As America grew and people from Europe came to the United States, a uniquely American take on Christmas also began to develop. German Lutherans who immigrated in the middle of the 19th century brought a host of Christmas symbols unknown to British Christians — most notably the “Tannenbaum” or Christmas tree. American folk tales and children’s stories from the beginning of the 19th century, such as Clement Clarke Moore’s “A Visit from St. Nicholas,” initially used British folk imagery (the titular character in his poem is likened to a sort of elf) to complement and celebrate the holiday.
But no American influenced the national celebration and practice of the Christmas holiday to the same extent as Washington Irving. Although Irving is most famous for his short stories such as “Rip Van Winkle” and “The Legend of Sleepy Hollow,” his most lasting contribution to the modern United States is his mainstreaming of Christmas. Irving’s biographer Brian Jay Jones stated that “Americans embraced Irving’s vision of Christmas as their own,” which marked “the revival of a holiday that had been banned in parts of the country for the excessive drinking and fighting it spurred in the populace.”
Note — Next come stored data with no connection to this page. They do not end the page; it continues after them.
(* Let $M\ge 2$ and $d\ge 2$ be integers, and let $\{p(a,b,c|x,y,z)\}$ be any tripartite nonsignalling probability distribution in which each of the three parties $A,B,C$ chooses one of $M$ measurements, $A_x,B_y,C_z$ with $x,y,z\in\{1,\dots,M\}$, each having $d$ outcomes labelled by $\{0,1,\dots,d-1\}$ (identified with $\mathbb{Z}_d$). Then for every pair $i,j\in\{1,\dots,M\}$ and for $X$ denoting either $A$ or $B$, $$I^{2,M,d}_{AB}+\langle[X_i-C_j]\rangle+\langle[C_j-X_i]\rangle\ \ge\ d-1,$$ where $$I^{2,M,d}_{AB}=\sum_{\alpha=1}^{M}\Big(\langle[A_\alpha-B_\alpha]\rangle+\langle[B_\alpha-A_{\alpha+1}]\rangle\Big),$$ with the convention that $A_{M+1}$ denotes the variable $[A_1+1]$ (so the term $\langle[B_M-A_{M+1}]\rangle$ equals $\langle[B_M-A_1-1]\rangle$).
   Context: For a random variable $\Omega$ built as an integer linear combination of outcomes, $[\Omega]$ denotes $\Omega$ modulo $d$, and $\langle[\Omega]\rangle=\sum_{i=0}^{d-1} i\,P([\Omega]=i)$. Each such expectation is computed from the (well-defined, by no-signalling) marginal joint distribution of the two measurements involved; e.g. $\langle[A_\alpha-B_\alpha]\rangle$ uses $p(a,b|x=\alpha,y=\alpha)$ and $\langle[X_i-C_j]\rangle$ uses the marginal distribution of the outcomes of $X_i$ and $C_j$. Nonsignalling means that the marginal distribution of any subset of parties does not depend on the measurement choices of the remaining parties. *)

theory Defs
  imports Complex_Main
begin

text \<open>A tripartite behaviour: p a b c x y z = p(a,b,c|x,y,z), with outcomes
 a,b,c in {0..<d} (representing Z_d) and settings x,y,z in {1..M}.\<close>

type_synonym behaviour = "nat \<Rightarrow> nat \<Rightarrow> nat \<Rightarrow> nat \<Rightarrow> nat \<Rightarrow> nat \<Rightarrow> real"

definition prob_dist :: "nat \<Rightarrow> nat \<Rightarrow> behaviour \<Rightarrow> bool" where
  "prob_dist M d p \<longleftrightarrow>
     (\<forall>x\<in>{1..M}. \<forall>y\<in>{1..M}. \<forall>z\<in>{1..M}.
        (\<forall>a<d. \<forall>b<d. \<forall>c<d. p a b c x y z \<ge> 0) \<and>
        (\<Sum>a<d. \<Sum>b<d. \<Sum>c<d. p a b c x y z) = 1)"

text \<open>Nonsignalling: the marginal of any subset of parties is independent of the
 settings of the remaining parties (the two-party conditions imply the one-party ones).\<close>
definition nonsignalling :: "nat \<Rightarrow> nat \<Rightarrow> behaviour \<Rightarrow> bool" where
  "nonsignalling M d p \<longleftrightarrow>
     (\<forall>x\<in>{1..M}. \<forall>y\<in>{1..M}. \<forall>z\<in>{1..M}. \<forall>z'\<in>{1..M}. \<forall>a<d. \<forall>b<d.
        (\<Sum>c<d. p a b c x y z) = (\<Sum>c<d. p a b c x y z')) \<and>
     (\<forall>x\<in>{1..M}. \<forall>y\<in>{1..M}. \<forall>y'\<in>{1..M}. \<forall>z\<in>{1..M}. \<forall>a<d. \<forall>c<d.
        (\<Sum>b<d. p a b c x y z) = (\<Sum>b<d. p a b c x y' z)) \<and>
     (\<forall>x\<in>{1..M}. \<forall>x'\<in>{1..M}. \<forall>y\<in>{1..M}. \<forall>z\<in>{1..M}. \<forall>b<d. \<forall>c<d.
        (\<Sum>a<d. p a b c x y z) = (\<Sum>a<d. p a b c x' y z))"

text \<open>Two-party marginals (well defined by nonsignalling; we fix the remaining
 party's setting to 1).\<close>
definition margAB :: "nat \<Rightarrow> behaviour \<Rightarrow> nat \<Rightarrow> nat \<Rightarrow> nat \<Rightarrow> nat \<Rightarrow> real" where
  "margAB d p x y a b = (\<Sum>c<d. p a b c x y 1)"
definition margAC :: "nat \<Rightarrow> behaviour \<Rightarrow> nat \<Rightarrow> nat \<Rightarrow> nat \<Rightarrow> nat \<Rightarrow> real" where
  "margAC d p x z a c = (\<Sum>b<d. p a b c x 1 z)"
definition margBC :: "nat \<Rightarrow> behaviour \<Rightarrow> nat \<Rightarrow> nat \<Rightarrow> nat \<Rightarrow> nat \<Rightarrow> real" where
  "margBC d p y z b c = (\<Sum>a<d. p a b c 1 y z)"

text \<open>Expectation of [f(u,v)] = f(u,v) mod d under a two-outcome joint distribution q:
 sum_{i=0}^{d-1} i P([f]=i) = sum_{u,v} q(u,v) ((f u v) mod d).\<close>
definition expmod :: "nat \<Rightarrow> (nat \<Rightarrow> nat \<Rightarrow> real) \<Rightarrow> (int \<Rightarrow> int \<Rightarrow> int) \<Rightarrow> real" where
  "expmod d q f = (\<Sum>u<d. \<Sum>v<d. q u v * real_of_int (f (int u) (int v) mod int d))"

definition I_AB :: "nat \<Rightarrow> nat \<Rightarrow> behaviour \<Rightarrow> real" where
  "I_AB M d p = (\<Sum>\<alpha>=1..M.
      expmod d (margAB d p \<alpha> \<alpha>) (\<lambda>a b. a - b) +
      (if \<alpha> < M then expmod d (margAB d p (\<alpha>+1) \<alpha>) (\<lambda>a b. b - a)
       else expmod d (margAB d p 1 M) (\<lambda>a b. b - a - 1)))"

end

theory Submission
  imports Defs
begin

(* For one deterministic assignment of outcomes, the cyclic chain
   A_1, B_1, A_2, ..., A_M, B_M, A_1 + 1 and the triangle inequality [u + v] <= [u] + [v]
   give I_AB >= [A_i - (A_i + 1)] = d - 1.  Under nonsignalling alone the chain has no joint
   distribution, so each link <[X - Y]> is bounded below through the pivot C_j, using the joint
   distribution of X, Y and C_j:  <[X - Y]> >= <[X - C_j - s]> - <[Y - C_j - s]>.
   These bounds telescope.  Raising the offset s from 0 to 1 at the node X_i leaves
   I_AB >= <[X_i - C_j - 1]> - <[X_i - C_j]>, since the offset 1 at A_1 + 1 closes the cycle
   with the offset 0 at A_1; and [X_i - C_j - 1] + [C_j - X_i] = d - 1 pointwise. *)

lemma mod_add_le:
  fixes u v d :: int
  assumes "d \<ge> 0"
  shows "(u + v) mod d \<le> u mod d + v mod d"
proof (cases "d = 0")
  case False
  then have "(u mod d + v mod d) mod d \<le> u mod d + v mod d"
    using assms by (intro zmod_le_nonneg_dividend) simp
  then show ?thesis by (simp add: mod_add_eq)
qed simp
Irving saw Christmas as a divinely given prerequisite for a functioning virtuous society. “He who can turn churlishly away from contemplating the felicity of his fellow beings, and can sit down darkling and repining in his loneliness when all around is joyful, may have his moments of strong excitement and selfish gratification,” but the person who rejected the conviviality of Christmas ultimately “wants the genial and social sympathies which constitute the charm of a merry Christmas.”
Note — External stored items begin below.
lemma prob_total_upper_tail:
  assumes "0 < \<epsilon>" "\<epsilon> \<le> 1"
  shows "prob {\<omega> \<in> space M. (1 + \<epsilon>) * mean \<le> total \<omega>} \<le> exp (- \<epsilon>\<^sup>2 * mean / 3)"
proof -
  define t where "t = ln (1 + \<epsilon>)"
  have "t > 0" and exp_t: "exp t = 1 + \<epsilon>"
    using assms by (simp_all add: t_def)
  then have "{\<omega> \<in> space M. (1 + \<epsilon>) * mean \<le> total \<omega>} =
      {\<omega> \<in> space M. t * ((1 + \<epsilon>) * mean) \<le> t * total \<omega>}"
    by auto
  then have "prob {\<omega> \<in> space M. (1 + \<epsilon>) * mean \<le> total \<omega>} \<le>
      exp (mean * (exp t - 1) - t * ((1 + \<epsilon>) * mean))"
    by (simp only: Chernoff_bound)
  also have "\<dots> \<le> exp (- \<epsilon>\<^sup>2 * mean / 3)"
  proof -
    have "\<epsilon> - t * (1 + \<epsilon>) \<le> \<epsilon> - 2 * \<epsilon> / (2 + \<epsilon>) * (1 + \<epsilon>)"
      using mult_right_mono[OF ln_one_plus_ge_Pade, of \<epsilon> "1 + \<epsilon>"] assms by (simp add: t_def)
    also have "\<dots> = - \<epsilon>\<^sup>2 / (2 + \<epsilon>)"
      using assms by (simp add: field_simps power2_eq_square)
    also have "\<dots> \<le> - \<epsilon>\<^sup>2 / 3"
      using divide_left_mono[of "2 + \<epsilon>" 3 "\<epsilon>\<^sup>2"] assms by simp
    finally have "mean * (\<epsilon> - t * (1 + \<epsilon>)) \<le> mean * (- \<epsilon>\<^sup>2 / 3)"
      using mean_nonneg by (rule mult_left_mono)
    then show ?thesis
      by (simp add: exp_t algebra_simps)
  qed
  finally show ?thesis .
qed

lemma prob_total_lower_tail:
  assumes "0 < \<epsilon>"
  shows "prob {\<omega> \<in> space M. total \<omega> \<le> (1 - \<epsilon>) * mean} \<le> exp (- \<epsilon>\<^sup>2 * mean / 2)"
proof -
  have "{\<omega> \<in> space M. total \<omega> \<le> (1 - \<epsilon>) * mean} =
      {\<omega> \<in> space M. - \<epsilon> * ((1 - \<epsilon>) * mean) \<le> - \<epsilon> * total \<omega>}"
    using assms by auto
  then have "prob {\<omega> \<in> space M. total \<omega> \<le> (1 - \<epsilon>) * mean} \<le>
      exp (mean * (exp (- \<epsilon>) - 1) - - \<epsilon> * ((1 - \<epsilon>) * mean))"
    by (simp only: Chernoff_bound)
  also have "\<dots> \<le> exp (- \<epsilon>\<^sup>2 * mean / 2)"
  proof -
    have "\<epsilon> * (1 - \<epsilon>) = \<epsilon> - \<epsilon>\<^sup>2"
      by (simp add: power2_eq_square algebra_simps)
    then have "exp (- \<epsilon>) - 1 + \<epsilon> * (1 - \<epsilon>) \<le> - \<epsilon>\<^sup>2 / 2"
      using exp_minus_le_Taylor2[of \<epsilon>] assms by simp
    then have "mean * (exp (- \<epsilon>) - 1 + \<epsilon> * (1 - \<epsilon>)) \<le> mean * (- \<epsilon>\<^sup>2 / 2)"
      using mean_nonneg by (rule mult_left_mono)
    then show ?thesis
      by (simp add: algebra_simps)
  qed
  finally show ?thesis .
qed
“Genial and social sympathies” still animate Americans nearly two centuries after Irving described them. The American predilection for charity — and the religious foundations that drive that charity — can still be found across the United States during the holiday season. Indeed, during the Christmas season, the United States’ best virtues are on full display. Christmas, said Irving, awakened a people’s “strongest and most heartfelt associations.” The God-given prosperity and charity elevated around Christmas are reminders of who Americans truly ought to be as a people. We should celebrate this spirit during Christmas and aim to uphold it in the new year.